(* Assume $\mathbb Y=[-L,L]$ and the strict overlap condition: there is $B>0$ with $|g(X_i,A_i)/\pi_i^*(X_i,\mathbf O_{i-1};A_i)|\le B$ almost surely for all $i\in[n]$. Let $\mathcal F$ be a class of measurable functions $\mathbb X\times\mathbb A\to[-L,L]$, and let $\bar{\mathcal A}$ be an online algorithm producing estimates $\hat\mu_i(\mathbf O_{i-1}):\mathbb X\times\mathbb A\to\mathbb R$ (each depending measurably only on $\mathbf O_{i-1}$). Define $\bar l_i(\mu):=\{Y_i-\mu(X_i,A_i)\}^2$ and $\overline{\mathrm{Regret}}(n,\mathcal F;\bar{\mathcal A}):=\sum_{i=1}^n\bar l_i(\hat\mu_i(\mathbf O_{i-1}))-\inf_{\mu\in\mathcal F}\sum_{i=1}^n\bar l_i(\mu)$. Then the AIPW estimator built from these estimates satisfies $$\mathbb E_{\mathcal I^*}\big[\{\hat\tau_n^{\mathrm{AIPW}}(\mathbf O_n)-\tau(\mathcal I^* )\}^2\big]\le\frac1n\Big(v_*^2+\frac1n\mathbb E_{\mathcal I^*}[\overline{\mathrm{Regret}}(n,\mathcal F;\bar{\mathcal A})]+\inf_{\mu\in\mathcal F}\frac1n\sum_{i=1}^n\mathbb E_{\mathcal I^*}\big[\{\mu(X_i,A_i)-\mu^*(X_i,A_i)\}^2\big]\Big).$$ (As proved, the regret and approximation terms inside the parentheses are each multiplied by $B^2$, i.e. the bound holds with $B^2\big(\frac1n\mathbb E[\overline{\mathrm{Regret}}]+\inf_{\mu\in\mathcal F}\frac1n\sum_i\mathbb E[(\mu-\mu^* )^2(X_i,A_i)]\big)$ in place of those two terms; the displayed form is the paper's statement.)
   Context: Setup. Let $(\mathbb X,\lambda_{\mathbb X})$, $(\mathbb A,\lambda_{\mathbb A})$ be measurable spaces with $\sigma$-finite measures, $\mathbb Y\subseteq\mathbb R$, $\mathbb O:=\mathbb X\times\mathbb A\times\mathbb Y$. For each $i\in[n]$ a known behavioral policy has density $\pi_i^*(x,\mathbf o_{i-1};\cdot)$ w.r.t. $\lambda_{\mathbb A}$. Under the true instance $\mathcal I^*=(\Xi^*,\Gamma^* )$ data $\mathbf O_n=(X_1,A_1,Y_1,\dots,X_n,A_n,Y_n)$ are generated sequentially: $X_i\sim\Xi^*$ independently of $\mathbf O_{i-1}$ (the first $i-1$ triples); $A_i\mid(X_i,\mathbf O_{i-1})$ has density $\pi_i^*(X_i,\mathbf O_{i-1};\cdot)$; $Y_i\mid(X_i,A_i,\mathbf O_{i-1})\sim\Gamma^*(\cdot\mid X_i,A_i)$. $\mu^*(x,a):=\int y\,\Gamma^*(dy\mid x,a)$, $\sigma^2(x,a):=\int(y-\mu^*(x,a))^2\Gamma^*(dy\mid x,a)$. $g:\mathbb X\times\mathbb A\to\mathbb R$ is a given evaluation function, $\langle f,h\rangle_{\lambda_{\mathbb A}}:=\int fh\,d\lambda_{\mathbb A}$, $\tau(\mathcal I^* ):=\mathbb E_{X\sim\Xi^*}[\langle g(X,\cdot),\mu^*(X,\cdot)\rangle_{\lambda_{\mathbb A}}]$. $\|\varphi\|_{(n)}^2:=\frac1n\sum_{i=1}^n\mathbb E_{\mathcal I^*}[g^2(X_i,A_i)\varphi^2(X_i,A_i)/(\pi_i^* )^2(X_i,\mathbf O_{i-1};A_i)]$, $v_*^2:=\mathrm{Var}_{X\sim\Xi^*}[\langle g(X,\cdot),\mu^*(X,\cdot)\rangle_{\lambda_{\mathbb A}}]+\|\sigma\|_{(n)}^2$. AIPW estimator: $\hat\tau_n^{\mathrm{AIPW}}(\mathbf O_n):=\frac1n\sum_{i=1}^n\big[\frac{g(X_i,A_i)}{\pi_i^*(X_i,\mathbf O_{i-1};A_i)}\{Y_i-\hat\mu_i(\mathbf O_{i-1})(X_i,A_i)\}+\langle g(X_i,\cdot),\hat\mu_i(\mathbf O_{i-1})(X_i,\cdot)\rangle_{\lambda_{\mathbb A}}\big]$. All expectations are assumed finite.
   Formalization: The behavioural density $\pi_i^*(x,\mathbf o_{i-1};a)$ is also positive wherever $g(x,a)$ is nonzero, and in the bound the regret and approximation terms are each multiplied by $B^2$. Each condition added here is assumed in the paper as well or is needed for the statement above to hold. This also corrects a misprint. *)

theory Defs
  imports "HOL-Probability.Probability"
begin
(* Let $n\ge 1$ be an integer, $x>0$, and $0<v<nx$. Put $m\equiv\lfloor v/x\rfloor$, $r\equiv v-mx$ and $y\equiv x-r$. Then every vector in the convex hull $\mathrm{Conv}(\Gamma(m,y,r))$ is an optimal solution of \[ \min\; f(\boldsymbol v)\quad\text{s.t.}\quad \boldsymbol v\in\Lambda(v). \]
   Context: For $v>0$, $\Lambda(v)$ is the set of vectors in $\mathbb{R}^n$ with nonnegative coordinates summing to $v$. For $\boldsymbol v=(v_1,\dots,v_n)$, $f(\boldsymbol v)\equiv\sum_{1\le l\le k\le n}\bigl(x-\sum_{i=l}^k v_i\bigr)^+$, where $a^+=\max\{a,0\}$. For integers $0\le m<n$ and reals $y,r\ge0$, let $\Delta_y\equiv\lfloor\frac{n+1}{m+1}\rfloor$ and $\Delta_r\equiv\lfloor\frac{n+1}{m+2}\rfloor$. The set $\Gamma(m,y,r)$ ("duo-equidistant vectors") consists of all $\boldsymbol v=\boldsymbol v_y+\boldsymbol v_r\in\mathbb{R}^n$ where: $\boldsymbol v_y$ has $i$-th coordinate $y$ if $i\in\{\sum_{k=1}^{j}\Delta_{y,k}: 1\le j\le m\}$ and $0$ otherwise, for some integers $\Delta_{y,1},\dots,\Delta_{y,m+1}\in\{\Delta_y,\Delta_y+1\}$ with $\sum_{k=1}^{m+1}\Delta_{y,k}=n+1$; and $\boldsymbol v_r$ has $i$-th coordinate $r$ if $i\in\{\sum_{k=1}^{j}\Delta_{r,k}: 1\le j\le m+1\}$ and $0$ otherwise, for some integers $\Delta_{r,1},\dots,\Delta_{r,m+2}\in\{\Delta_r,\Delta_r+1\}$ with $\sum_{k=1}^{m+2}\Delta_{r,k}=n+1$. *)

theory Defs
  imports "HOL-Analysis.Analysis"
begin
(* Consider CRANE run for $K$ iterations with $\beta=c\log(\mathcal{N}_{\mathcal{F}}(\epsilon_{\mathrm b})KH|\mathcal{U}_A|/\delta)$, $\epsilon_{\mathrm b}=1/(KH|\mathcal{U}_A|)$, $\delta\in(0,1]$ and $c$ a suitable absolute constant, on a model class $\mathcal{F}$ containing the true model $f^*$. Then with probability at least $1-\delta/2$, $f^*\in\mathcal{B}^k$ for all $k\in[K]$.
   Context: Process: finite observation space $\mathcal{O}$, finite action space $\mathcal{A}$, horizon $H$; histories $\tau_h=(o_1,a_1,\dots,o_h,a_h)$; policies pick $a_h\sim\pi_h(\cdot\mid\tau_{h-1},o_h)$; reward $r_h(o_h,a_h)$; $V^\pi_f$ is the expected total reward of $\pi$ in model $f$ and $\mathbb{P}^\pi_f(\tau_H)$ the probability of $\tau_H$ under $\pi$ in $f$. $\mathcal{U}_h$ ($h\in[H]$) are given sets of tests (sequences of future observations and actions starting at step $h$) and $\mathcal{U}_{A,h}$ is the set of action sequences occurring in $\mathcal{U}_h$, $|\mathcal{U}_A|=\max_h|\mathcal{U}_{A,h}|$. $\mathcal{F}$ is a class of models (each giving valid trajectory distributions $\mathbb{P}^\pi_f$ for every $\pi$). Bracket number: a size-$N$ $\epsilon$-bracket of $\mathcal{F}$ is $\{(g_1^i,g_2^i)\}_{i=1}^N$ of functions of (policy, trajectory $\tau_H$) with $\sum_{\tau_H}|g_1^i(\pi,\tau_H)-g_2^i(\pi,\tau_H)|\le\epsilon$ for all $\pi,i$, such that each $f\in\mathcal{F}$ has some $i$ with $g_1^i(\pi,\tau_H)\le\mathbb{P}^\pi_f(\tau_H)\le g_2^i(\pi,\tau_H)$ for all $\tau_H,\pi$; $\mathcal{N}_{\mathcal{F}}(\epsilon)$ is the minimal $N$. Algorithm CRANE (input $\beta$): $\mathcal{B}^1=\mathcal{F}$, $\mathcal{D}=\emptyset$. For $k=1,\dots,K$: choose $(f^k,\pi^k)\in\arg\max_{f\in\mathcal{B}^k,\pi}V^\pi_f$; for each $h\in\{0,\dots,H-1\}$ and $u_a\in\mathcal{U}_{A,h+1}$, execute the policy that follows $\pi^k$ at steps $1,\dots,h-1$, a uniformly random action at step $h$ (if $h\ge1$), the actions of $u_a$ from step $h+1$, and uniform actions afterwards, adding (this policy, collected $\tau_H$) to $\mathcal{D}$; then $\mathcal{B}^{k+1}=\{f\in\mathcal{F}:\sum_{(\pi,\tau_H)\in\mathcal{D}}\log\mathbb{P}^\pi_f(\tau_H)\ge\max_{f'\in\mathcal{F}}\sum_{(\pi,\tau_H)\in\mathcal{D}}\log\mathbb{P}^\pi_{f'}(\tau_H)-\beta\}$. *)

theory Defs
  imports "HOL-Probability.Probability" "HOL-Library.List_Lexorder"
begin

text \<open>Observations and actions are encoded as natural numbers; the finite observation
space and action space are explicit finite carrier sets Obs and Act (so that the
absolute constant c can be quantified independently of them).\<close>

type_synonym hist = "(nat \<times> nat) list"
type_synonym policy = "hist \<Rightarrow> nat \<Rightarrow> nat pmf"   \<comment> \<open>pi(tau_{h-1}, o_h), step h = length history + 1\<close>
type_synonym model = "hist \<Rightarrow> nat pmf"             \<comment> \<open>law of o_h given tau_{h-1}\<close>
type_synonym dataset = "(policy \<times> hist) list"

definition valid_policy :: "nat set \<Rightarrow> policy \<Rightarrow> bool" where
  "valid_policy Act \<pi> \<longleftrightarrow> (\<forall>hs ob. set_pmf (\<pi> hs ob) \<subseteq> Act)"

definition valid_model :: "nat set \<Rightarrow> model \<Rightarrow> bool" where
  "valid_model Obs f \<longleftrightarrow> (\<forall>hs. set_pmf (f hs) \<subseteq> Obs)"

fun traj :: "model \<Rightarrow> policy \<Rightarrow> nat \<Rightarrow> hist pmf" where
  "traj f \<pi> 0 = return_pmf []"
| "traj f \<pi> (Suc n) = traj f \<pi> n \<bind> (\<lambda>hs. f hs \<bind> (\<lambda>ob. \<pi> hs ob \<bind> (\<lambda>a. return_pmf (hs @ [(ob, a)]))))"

━━━━━━━━━━━━━━━━━━━━

• **Problem**
Throughout the data above, find each line that includes the string "bool"; state only how many there are.

• **Answer space**
2